Data supplied:
lemma uniform_deficit_proc_step_le:
  fixes V :: "'a set" and E :: "'a set set" and v u :: 'a and k :: nat and \<alpha> :: real
  defines "W \<equiv> colourings V k E" and "W' \<equiv> colourings V k (insert {v, u} E)"
  assumes V: "finite V" "v \<in> V" "u \<in> V" "v \<noteq> u" and ne: "W' \<noteq> {}" and \<alpha>: "0 \<le> \<alpha>"
    and iso: "\<forall>c\<in>{1..k}. \<forall>q\<in>{1..k}. c \<noteq> q \<longrightarrow>
               alpha_iso_with \<alpha> (colourings_vu V k E v u c c) (colourings_vu V k E v u q c)
                 (\<lambda>\<sigma>. swapH E v \<sigma> q)"
  shows "uniform_deficit W' (bind_pmf (pmf_of_set W) (proc_step k E v u)) \<le> \<alpha>"
proof -
  define R where "R = W' \<inter> swap_images E v u W"
  have W': "W' = {\<sigma> \<in> W. \<sigma> v \<noteq> \<sigma> u}"
    unfolding W_def W'_def using \<open>v \<noteq> u\<close> by (rule colourings_insert_edge)
  have W: "finite W" "W \<noteq> {}" using V(1) ne W' by (auto simp: W_def finite_colourings)
  have range: "\<sigma> v \<in> {1..k}" "\<sigma> u \<in> {1..k}" if "\<sigma> \<in> W" for \<sigma>
    using colouring_in_range[OF that[unfolded W_def]] V by blast+
  obtain t0 where t0: "t0 \<in> W'" using ne by blast
  then have k: "2 \<le> k" using range[of t0] W' by fastforce
  have card_R: "(1 - \<alpha>) * card W' \<le> card R"
    "(1 - \<alpha>) * (real (card W) - card W') \<le> 1 / (real k - 1) * card R"
    using card_swap_images_ge[OF V(1-3) k iso] by (simp_all only: R_def W' W_def)
  have mass: "pmf (bind_pmf (pmf_of_set W) (proc_step k E v u)) t
      = (\<Sum>s\<in>W. pmf (proc_step k E v u s) t) / card W" for t
    using W by (simp add: pmf_bind_pmf_of_set)
  show ?thesis
    unfolding uniform_deficit_def
  proof (rule sum_shortfall_le_of_mass_bounds[OF _ _ _ _ _ \<alpha> _ _ card_R])
    show "finite W'" "R \<subseteq> W'" "W' \<noteq> {}" "real (card W') \<le> real (card W)" "0 < 1 / (real k - 1)"
      using W W' k t0 by (auto simp: R_def intro: card_mono)
    show "1 / card W \<le> pmf (bind_pmf (pmf_of_set W) (proc_step k E v u)) t" if "t \<in> W'" for t
      using that sum_pmf_proc_step_ge[OF W(1), of t v u k E]
      unfolding mass W' by (simp add: divide_right_mono)
    show "(1 + 1 / (real k - 1)) / card W \<le> pmf (bind_pmf (pmf_of_set W) (proc_step k E v u)) t"
      if "t \<in> R" for t
    proof -
      obtain s where "t \<in> W" "t v \<noteq> t u" "s \<in> W" "s v = t u" "s u = t u" "swapH E v s (t v) = t"
        using \<open>t \<in> R\<close> unfolding R_def W' swap_images_def by blast
      then have "1 + 1 / (real k - 1) \<le> (\<Sum>s\<in>W. pmf (proc_step k E v u s) t)"
        using range by (intro sum_pmf_proc_step_ge_swapH[OF W(1)]) auto
      then show ?thesis unfolding mass by (simp add: divide_right_mono)
    qed
  qed
qed

lemma edge_deletion_sequence:
  assumes "\<forall>i<r. v i \<noteq> u i \<and> {v i, u i} \<in> G (Suc i) \<and> G i = G (Suc i) - {{v i, u i}}"
  shows "i < r \<Longrightarrow> G (Suc i) = insert {v i, u i} (G i)" and "i \<le> r \<Longrightarrow> G i \<subseteq> G r"
proof -
  show G_Suc: "G (Suc i) = insert {v i, u i} (G i)" if "i < r" for i
    using assms that by auto
  show "G i \<subseteq> G r" if "i \<le> r"
  proof (rule lift_Suc_mono_le_ivl[of "{..<r}"])
    show "G n \<subseteq> G (Suc n)" if "n \<in> {..<r}" for n
      using G_Suc[of n] that by blast
  qed (use that in auto)
qed

theorem theorem5:
  fixes V :: "'a set" and k r :: nat and G :: "nat \<Rightarrow> 'a set set"
    and v u :: "nat \<Rightarrow> 'a" and \<alpha> :: real
  assumes finV: "finite V"
    and graph: "\<forall>e\<in>G r. \<exists>x y. x \<in> V \<and> y \<in> V \<and> x \<noteq> y \<and> e = {x, y}"
    and seq: "\<forall>i<r. v i \<noteq> u i \<and> {v i, u i} \<in> G (Suc i) \<and> G i = G (Suc i) - {{v i, u i}}"
    and nonempty: "colourings V k (G r) \<noteq> {}"
    and alpha: "0 \<le> \<alpha>" "\<alpha> \<le> 1"
    and iso: "\<forall>i<r. \<forall>c\<in>{1..k}. \<forall>q\<in>{1..k}. c \<noteq> q \<longrightarrow>
               alpha_iso_with \<alpha> (colourings_vu V k (G i) (v i) (u i) c c)
                                (colourings_vu V k (G i) (v i) (u i) q c)
                                (\<lambda>\<sigma>. swapH (G i) (v i) \<sigma> q)"
  shows "tv_dist (pmf_of_set (colourings V k (G r))) (procY V k G v u r) \<le> real r * \<alpha>"
proof -
  note G_Suc = edge_deletion_sequence(1)[OF seq] and G_le = edge_deletion_sequence(2)[OF seq]
  have vu: "v i \<in> V" "u i \<in> V" if "i < r" for i
  proof -
    have "{v i, u i} \<in> G r" using G_Suc[OF that] G_le[of "Suc i"] that by auto
    then obtain x y where "x \<in> V" "y \<in> V" "{v i, u i} = {x, y}" using graph by blast
    then show "v i \<in> V" "u i \<in> V" by (auto simp: doubleton_eq_iff)
  qed
  have ne: "colourings V k (G i) \<noteq> {}" if "i \<le> r" for i
    using colourings_mono[OF G_le[OF that]] nonempty by blast
  have "uniform_deficit (colourings V k (G r)) (procY V k G v u r) \<le> real r * \<alpha>"
  proof (rule uniform_deficit_iterated_bind_le)
    show "uniform_deficit (colourings V k (G (Suc i)))
        (bind_pmf (pmf_of_set (colourings V k (G i))) (proc_step k (G i) (v i) (u i))) \<le> \<alpha>"
      if "i < r" for i
      unfolding G_Suc[OF that]
    proof (rule uniform_deficit_proc_step_le[OF finV vu[OF that] _ _ alpha(1)])
      show "v i \<noteq> u i" using seq that by blast
      show "colourings V k (insert {v i, u i} (G i)) \<noteq> {}" using ne[of "Suc i"] G_Suc[OF that] that by simp
    qed (use iso that in blast)
  next
    show "finite (colourings V k (G i)) \<and> colourings V k (G i) \<noteq> {}" if "i \<le> r" for i
      using finite_colourings[OF finV] ne[OF that] by blast
  qed simp_all
  with tv_dist_pmf_of_set_le_uniform_deficit[OF finite_colourings[OF finV] nonempty]
  show ?thesis by (rule order_trans)
qed

end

Problem to solve:
Whenever a line above holds the word "lambda", include it in your count, and report nothing but that count.

Solved exercise:
2